Нотр-Дам (и здание, и стихотворение) — это уже покоренное пространство, разбуженный камень (разбуженное слово), свидетельство созидающего ума, полнота смысла, самоутверждение, триумф человека, будь то ремесленник, зодчий или поэт. В акте строительства преодолевается страх пустоты[61].
Первое воистину акмеистическое стихотворение Мандельштама, в котором Гумилев увидел подлинный «поворот», написано в 1912 году; в нем декларируется отказ от звездного мерцания и лунного блеска, от всей «потусторонней» тематики символизма:
Нет, не луна, а светлый циферблат
Сияет мне, — и чем я виноват,
Что слабых звезд я осязаю млечность? (I, 74).

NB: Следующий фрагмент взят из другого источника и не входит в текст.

theorem proposition8p3:
  fixes a b c u :: real and t :: "nat \<Rightarrow> real" and P Q :: "nat \<Rightarrow> pt" and M H :: pt
  assumes "a > b" "b > 0" "c > 0" "c ^ 2 = a ^ 2 - b ^ 2"
    and "M = (a * cos u, b * sin u)"
    and "\<And>i. t i = - u / 3 - 2 * pi * (real i - 1) / 3"
    and "\<And>i. P i = (a * cos (t i), b * sin (t i))"
    and "\<And>i. Q i = (c ^ 2 * (cos (t i)) ^ 3 / a, - (c ^ 2 * (sin (t i)) ^ 3 / b))"
    and "H = orthocenter (P 1) (P 2) (P 3)"
  shows "\<not> collinear3 (P 1) (P 2) (P 3)
    \<and> (\<forall>i j k. {i, j, k} = {1, 2, 3 :: nat} \<longrightarrow>
          P i \<noteq> Q i \<and> (\<forall>X. on_line X (P i) (Q i) \<longleftrightarrow> on_perp X (P i) (P j) (P k)))
    \<and> on_perp H (P 1) (P 2) (P 3) \<and> on_perp H (P 2) (P 3) (P 1) \<and> on_perp H (P 3) (P 1) (P 2)
    \<and> perspector (P 1) (P 2) (P 3) (Q 1) (Q 2) (Q 3) H
    \<and> (\<forall>i j k. {i, j, k} = {1, 2, 3 :: nat} \<longrightarrow> on_perp H (Q i) (P j) (P k))
    \<and> (\<forall>i j k. {i, j, k} = {1, 2, 3 :: nat} \<longrightarrow> on_perp (neg_pt M) (P i) (Q j) (Q k))
    \<and> orthologic (P 1) (P 2) (P 3) (Q 1) (Q 2) (Q 3)
    \<and> orthology_center (Q 1) (Q 2) (Q 3) (P 1) (P 2) (P 3) H
    \<and> orthology_center (P 1) (P 2) (P 3) (Q 1) (Q 2) (Q 3) (neg_pt M)"
proof -
  have abc: "a \<noteq> 0" "b \<noteq> 0" "c \<noteq> 0" using assms(1-3) by auto
  have P: "P i = ellipse_pt a b (t i)" and Q: "Q i = curvature_center a b c (t i)" for i
    using assms(7,8) by (simp_all add: ellipse_pt_def curvature_center_def)
  have M: "M = ellipse_pt a b u" using assms(5) by (simp add: ellipse_pt_def)
  have "t 2 = t 1 - 2 * pi / 3" "t 3 = t 1 - 4 * pi / 3"
    using assms(6)[of 1] assms(6)[of 2] assms(6)[of 3] by simp_all
  then have ncol: "\<not> collinear3 (P 1) (P 2) (P 3)"
    using ellipse_equiangular_triangle_not_collinear[OF abc(1,2)] by (simp add: P)
  have vertices: "P j = ellipse_pt a b (t i - 2 * pi / 3) \<and> P k = ellipse_pt a b (t i + 2 * pi / 3)
      \<and> Q j = curvature_center a b c (t i - 2 * pi / 3) \<and> Q k = curvature_center a b c (t i + 2 * pi / 3)
      \<and> M = ellipse_pt a b (- 3 * t i)" if "cyclic3 i j k" for i j k
    using cyclic3_angle_shifts[OF assms(6) that]
    by (elim exE conjE) (simp only: P Q M ellipse_pt_add_2pi_int curvature_center_add_2pi_int)
  have "sin (3 * (2 * pi / 3)) = 0" by simp
  note ellipse_facts = normal_orthogonal_symmetric_chord[OF abc(1,2) assms(4)]
    antipode_on_perpendicular[OF abc(1,2) this]
  show ?thesis
  proof (rule conjI[OF ncol orthologic_of_points_on_altitudes[OF ncol _ _ _ _ assms(9)]])
    show "P i \<noteq> Q i" for i
      using ellipse_pt_neq_curvature_center[OF abc(1,2) assms(4)] by (simp add: P Q)
    show "Q j \<noteq> Q k" if "cyclic3 i j k" for i j k
    proof
      assume "Q j = Q k"
      then have "P j = P k" unfolding P Q by (rule curvature_center_eq_imp_ellipse_pt_eq[OF abc])
      with ncol that show False by (auto simp: cyclic3_def collinear3_def)
    qed
    show "dotp (vsub (Q i) (P i)) (vsub (P k) (P j)) = 0" if "cyclic3 i j k" for i j k
      using vertices[OF that] ellipse_facts(1) by (simp add: P Q)
    show "dotp (vsub (neg_pt M) (P i)) (vsub (Q k) (Q j)) = 0" if "cyclic3 i j k" for i j k
      using vertices[OF that] ellipse_facts(2) by (simp add: P)
  qed
qed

«…И чем я виноват, / Что слабых звезд я осязаю млечность?»
Осип Мандельштам (1912)
Стихотворение утверждает текущее время (циферблат!) — то, что «здесь и сейчас». Этот бунт против «вечности» можно найти во многих ранних произведениях Мандельштама, например, в гейдельбергском стихотворении «Не говорите мне о вечности…» (1909) или в стихотворении «Медлительнее снежный улей…» (1910):
И если в ледяных алмазах
Струится вечности мороз,
Здесь — трепетание стрекоз
Быстроживущих, синеглазых (I, 50).
Гумилев подчеркивал самоценность каждого явления («все явления — братья»)[62]. Мандельштам в своей статье-манифесте провозглашает «закон тождества» и «способность удивляться» полноте бытия:
«Способность удивляться — главная добродетель поэта. Но как же не удивиться тогда плодотворнейшему из законов — закону тождества? […] Таким образом, признав суверенитет закона тождества, поэзия получает в пожизненное ленное обладание все сущее без условий и ограничений» (I, 180).
«Закон тождества» — вызов символистам, растратившим себя в поисках символов и аналогий. В своем очерке «О природе слова», написанном через десять лет после «эпохи манифестов», Мандельштам полемически заявляет:
«Вот куда приводит профессиональный символизм. Восприятие деморализовано. Ничего настоящего, подлинного. Страшный контрданс “соответствий”, кивающих друг на друга. Вечное подмигивание. Ни одного ясного слова, только намеки, недоговаривания. Роза кивает на девушку, девушка на розу. Никто не хочет быть самим собой. […] Акмеизм возник из отталкивания: “Прочь от символизма, да здравствует живая роза!”…» (I, 227, 229).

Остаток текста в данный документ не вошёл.